The Washington Post editors and those who write items that the Post editors favor need to better understand the role of transport facilities in providing mobility and access. For instance, in the November op-ed, John Mason spends five and one-half paragraphs in a discussion of short-term and long-term goals to achieve a balanced transportation system. One might disagree with the priorities outlined, but they are points worth making. Mason then jumps into the abyss of confusion with the sentence: “At the same time, we must ensure that there will be more crossings of the Potomac and that new highway capacity ensures a balance of transportation network ...”   

 

Having made the point detailed under REALITY ONE above and having listed all the grave consequences of not improving mobility, the same voices that spoke out to refute the Private Vehicle Mobility Myth must next call for fundamental changes in land use to create functional human settlement patterns. 

 

Only with functional patterns and densities of land use can an efficient and effective transport system be provided. Without fundamental change in human settlement pattern to achieve the creation of Balanced Communities in a sustainable New Urban Region, more river crossings and more highway capacity will just make mobility worse.

 

Once this fundamental truth is understood, then Mr. Mason and others can advocate the evolution of a transport system to provide mobility and access to the settlement pattern that has been planned. 

 

It is often noted that the last time the core of the National Capital Subregion had a plan that balanced land use with transportation was the L’Enfant Plan of 1791. The last attempt to create such a plan was the 1960 Plan for the National Capital. One needs to study the schematic sketches of land use and transportation that accompanied the 1960 plan to understand the vast difference between where the National Capital Subregion is now and where it must evolve to be transportable.      

 

The Need for Post Policy Revision

 

It appears The Washington Post editorial policy does not fairly present views contrary to the company position on transport and land use.

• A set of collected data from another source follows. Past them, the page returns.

lemma admissible_not_dvd:
  assumes C: "C \<subseteq> {2..nu}" and adm: "admissible C e" and j: "j \<in> {2..nu} - C"
    and t: "1 \<le> t" "t \<le> \<gamma> j"
  shows "\<not> e dvd t * g j"
proof
  assume "e dvd t * g j"
  have j1: "j \<in> {1..nu}" using j by simp
  obtain \<mu> q where \<mu>: "\<mu> \<in> box_on C" and eq: "t * g j = val \<mu> + q * g 1"
    using admissible_decomp[OF C adm mult_gen_mem[OF j1] \<open>e dvd t * g j\<close>] by blast
  have u: "unit_vec j t \<in> box" using t j unfolding unit_vec_def by (intro bounded_funsI) auto
  have \<mu>_box: "\<mu> \<in> box" using \<mu> bounded_funs_mono[OF C] by blast
  have "val \<mu> mod g 1 = val (unit_vec j t) mod g 1"
    using eq lincomb_unit_vec[OF j1] by simp
  then have "\<mu> = unit_vec j t" using inj_on_val_mod_box \<mu>_box u by (auto dest: inj_onD)
  moreover have "\<mu> j = 0" using bounded_funsD(2)[OF \<mu>] j by simp
  ultimately show False using t unfolding unit_vec_def by simp
qed

lemma admissible_insert:
  assumes C: "C \<subseteq> {2..nu}" and adm: "admissible C e" and j: "j \<in> {2..nu} - C"
    and e_dvd: "e dvd (\<gamma> j + 1) * g j"
  shows "admissible (insert j C) (gcd e (g j))"
proof -
  define d where "d = gcd e (g j)"
  have e0: "0 < e" using adm by (rule admissible_pos)
  obtain a where a: "e = d * a" using gcd_dvd1[of e "g j"] unfolding d_def by (elim dvdE)
  obtain b where b: "g j = d * b" using gcd_dvd2[of e "g j"] unfolding d_def by (elim dvdE)
  have d0: "0 < d" unfolding d_def using e0 by simp
  have "a = e div d" "b = g j div d" using a b d0 by simp_all
  then have cop: "coprime a b" using div_gcd_coprime[of e "g j"] e0 unfolding d_def by simp
  have "d * a dvd d * ((\<gamma> j + 1) * b)" using e_dvd a b by (simp add: mult.left_commute)
  then have "a dvd (\<gamma> j + 1) * b" by (rule nat_mult_dvd_cancel1[OF d0, THEN iffD1])
  with cop have "a dvd \<gamma> j + 1" by (simp only: coprime_dvd_mult_left_iff)
  moreover have "\<not> a \<le> \<gamma> j"
  proof
    assume "a \<le> \<gamma> j"
    moreover have "1 \<le> a" using a e0 by (cases a) auto
    moreover have "e dvd a * g j" using a b by simp
    ultimately show False using admissible_not_dvd[OF C adm j] by blast
  qed
  ultimately have "a = \<gamma> j + 1" by (simp add: dvd_imp_le le_antisym)
  then have "g 1 = (\<Prod>c\<in>insert j C. \<gamma> c + 1) * d"
    using adm a j finite_subset[OF C] unfolding admissible_def by (simp add: algebra_simps)
  moreover have "d dvd g c" if "c \<in> insert j C" for c
    using that adm a b unfolding admissible_def by (auto intro: dvd_trans[of d e])
  ultimately show ?thesis unfolding admissible_def d_def by blast
qed

lemma admissible_extend:
  assumes C: "C \<subseteq> {2..nu}" "C \<noteq> {2..nu}" and adm: "admissible C e"
  shows "\<exists>j\<in>{2..nu} - C. admissible (insert j C) (gcd e (g j)) \<and>
           (\<exists>l. (\<gamma> j + 1) * g j = val l \<and> (\<forall>t. l t \<noteq> 0 \<longrightarrow> t \<in> insert 1 C))"
proof -
  have "\<exists>j\<in>{2..nu} - C. e dvd (\<gamma> j + 1) * g j"
  proof (cases "e = 1")
    case True
    with C show ?thesis by auto
  next
    case False
    with admissible_pos[OF adm] have "2 \<le> e" by simp
    with adm show ?thesis unfolding admissible_def by (intro exists_gamma_succ_dvd) auto
  qed
  then obtain j where j: "j \<in> {2..nu} - C" and e_dvd: "e dvd (\<gamma> j + 1) * g j" by blast
  have j1: "j \<in> {1..nu}" and one: "1 \<in> {1..nu}" using j nu_pos by auto
  obtain \<mu> q where \<mu>: "\<mu> \<in> box_on C" and eq: "(\<gamma> j + 1) * g j = val \<mu> + q * g 1"
    using admissible_decomp[OF C(1) adm mult_gen_mem[OF j1] e_dvd] by blast
  have "(\<gamma> j + 1) * g j = val (\<lambda>t. \<mu> t + unit_vec 1 q t)"
    using eq lincomb_add[of nu g \<mu> "unit_vec 1 q"] lincomb_unit_vec[OF one, of g q] by simp
  moreover have "t \<in> insert 1 C" if "\<mu> t + unit_vec 1 q t \<noteq> 0" for t
    using that bounded_funsD(2)[OF \<mu>, of t] unfolding unit_vec_def by (auto split: if_splits)
  ultimately show ?thesis
    using admissible_insert[OF C(1) adm j e_dvd] j by blast
qed

lemma admissible_ordering:
  assumes "k < nu"
  shows "\<exists>\<sigma> lam e. \<sigma> 1 = 1 \<and> inj_on \<sigma> {1..k+1} \<and> \<sigma> ` {2..k+1} \<subseteq> {2..nu}
    \<and> admissible (\<sigma> ` {2..k+1}) e
    \<and> (\<forall>i\<in>{2..k+1}. (\<gamma> (\<sigma> i) + 1) * g (\<sigma> i) = val (lam (\<sigma> i))
                     \<and> (\<forall>t. lam (\<sigma> i) t \<noteq> 0 \<longrightarrow> t \<in> \<sigma> ` {1..<i}))"
  using assms
proof (induction k)
  case 0
  have "admissible {} (g 1)" unfolding admissible_def by simp
  then show ?case by (intro exI[of _ id]) auto
next
  case (Suc k)
  then obtain \<sigma> lam e where \<sigma>: "\<sigma> 1 = 1" "inj_on \<sigma> {1..k+1}" "\<sigma> ` {2..k+1} \<subseteq> {2..nu}"
    and adm: "admissible (\<sigma> ` {2..k+1}) e"
    and rel: "\<forall>i\<in>{2..k+1}. (\<gamma> (\<sigma> i) + 1) * g (\<sigma> i) = val (lam (\<sigma> i))
                     \<and> (\<forall>t. lam (\<sigma> i) t \<noteq> 0 \<longrightarrow> t \<in> \<sigma> ` {1..<i})"
    by auto
  let ?C = "\<sigma> ` {2..k+1}"
  have "card ?C = k" using card_image[OF inj_on_subset[OF \<sigma>(2)]] by simp
  then have "?C \<noteq> {2..nu}" using Suc.prems by auto
  then obtain j l where j: "j \<in> {2..nu} - ?C" and adm': "admissible (insert j ?C) (gcd e (g j))"
    and l: "(\<gamma> j + 1) * g j = val l" "\<forall>t. l t \<noteq> 0 \<longrightarrow> t \<in> insert 1 ?C"
    using admissible_extend[OF \<sigma>(3) _ adm] by blast
  define \<sigma>' where "\<sigma>' = \<sigma>(k+2 := j)"
  define lam' where "lam' = lam(j := l)"
  have \<sigma>'_eq: "\<sigma>' i = \<sigma> i" if "i \<le> k + 1" for i using that by (simp add: \<sigma>'_def)
  have image_eq: "\<sigma>' ` {1..<i} = \<sigma> ` {1..<i}" if "i \<le> k + 2" for i
    using \<sigma>'_eq that by (intro image_cong) auto
  have prefix: "{1..<k+2} = insert 1 {2..k+1}" by auto
  have "{1..k+1} = insert 1 {2..k+1}" by auto
  then have j_new: "j \<notin> \<sigma> ` {1..k+1}" using j \<sigma>(1) by auto
  have "\<sigma>' 1 = 1" using \<sigma>(1) by (simp add: \<sigma>'_def)
  moreover have "inj_on \<sigma>' {1..Suc k+1}"
  proof -
    have "{1..Suc k+1} = insert (k+2) {1..k+1}" by auto
    moreover have "inj_on \<sigma>' {1..k+1}" using \<sigma>(2) \<sigma>'_eq by (simp add: inj_on_def)
    ultimately show ?thesis using j_new \<sigma>'_eq by (simp add: \<sigma>'_def image_def)
  qed
  moreover have "\<sigma>' ` {2..Suc k+1} = insert j ?C"
  proof -
    have "{2..Suc k+1} = insert (k+2) {2..k+1}" by auto
    then have "\<sigma>' ` {2..Suc k+1} = insert (\<sigma>' (k+2)) (\<sigma>' ` {2..k+1})" by simp
    moreover have "\<sigma>' ` {2..k+1} = ?C" using \<sigma>'_eq by (intro image_cong) auto
    ultimately show ?thesis by (simp add: \<sigma>'_def)
  qed
  moreover have "(\<gamma> (\<sigma>' i) + 1) * g (\<sigma>' i) = val (lam' (\<sigma>' i))
      \<and> (\<forall>t. lam' (\<sigma>' i) t \<noteq> 0 \<longrightarrow> t \<in> \<sigma>' ` {1..<i})" if i: "i \<in> {2..Suc k+1}" for i
  proof (cases "i = k + 2")
    case True
    then have "\<sigma>' ` {1..<i} = insert 1 ?C" using image_eq[of i] \<sigma>(1) prefix by simp
    with True l show ?thesis by (simp add: \<sigma>'_def lam'_def)
  next
    case False
    with i have "i \<in> {2..k+1}" by simp
    moreover from this have "\<sigma> i \<noteq> j" using j by auto
    ultimately show ?thesis using rel \<sigma>'_eq image_eq[of i] by (simp add: lam'_def)
  qed
  ultimately show ?case using \<sigma>(3) j adm' by (intro exI[of _ \<sigma>'] exI[of _ lam']) auto
qed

They newspaper has been accused of going so far as to use misleading headlines on items that might raise questions about the viability of a “just build more transportation facilities” strategy. For example, see “Dense Solution for VA’s Transit Ills” (November 2, 2003, page B 8). Who would want to read about a “dense solution” to “transit” ills? A quick reading indicates that the op-ed is about much more than “transit,” and that “dense” is tossed into the heading as a red herring.

 

The editorial staff is obsessively single-minded in its “build more facilities” approach. Perpetuation of transport myths makes a few rich folks richer, but does nothing to improve mobility for millions in the National Capital Subregion. The major stockholders and advertisers of The Washington Post may be short-term winners. 

 

Business-as-usual is a tiger no major media owner wants to dismount. Business-as-usual may generate ad revenue and get publishers and editors invited to nice parties, but it impoverishes the citizens and their region. They and all the citizens and enterprises in the region are the long-terms.

 

In our next column, we examine the news side of the Post's transportation coverage.

 

-- January 19, 2004

 

 

 

 

 

 

 

 

 

 

 

 

 

 

 

 

 

 

 

 

 

 

 

 

 

 

 

 

Ed Risse, and his wife Linda live inside the "Clear Edge" of the "urban enclave" known as Warrenton, a municipality in the Countryside near the edge of the Washington-Baltimore "New Urban Region."

 

Mr. Risse, the principal of

SYNERGY/Planning, Inc., can be contacted at spirisse@aol.com.

 

See profile.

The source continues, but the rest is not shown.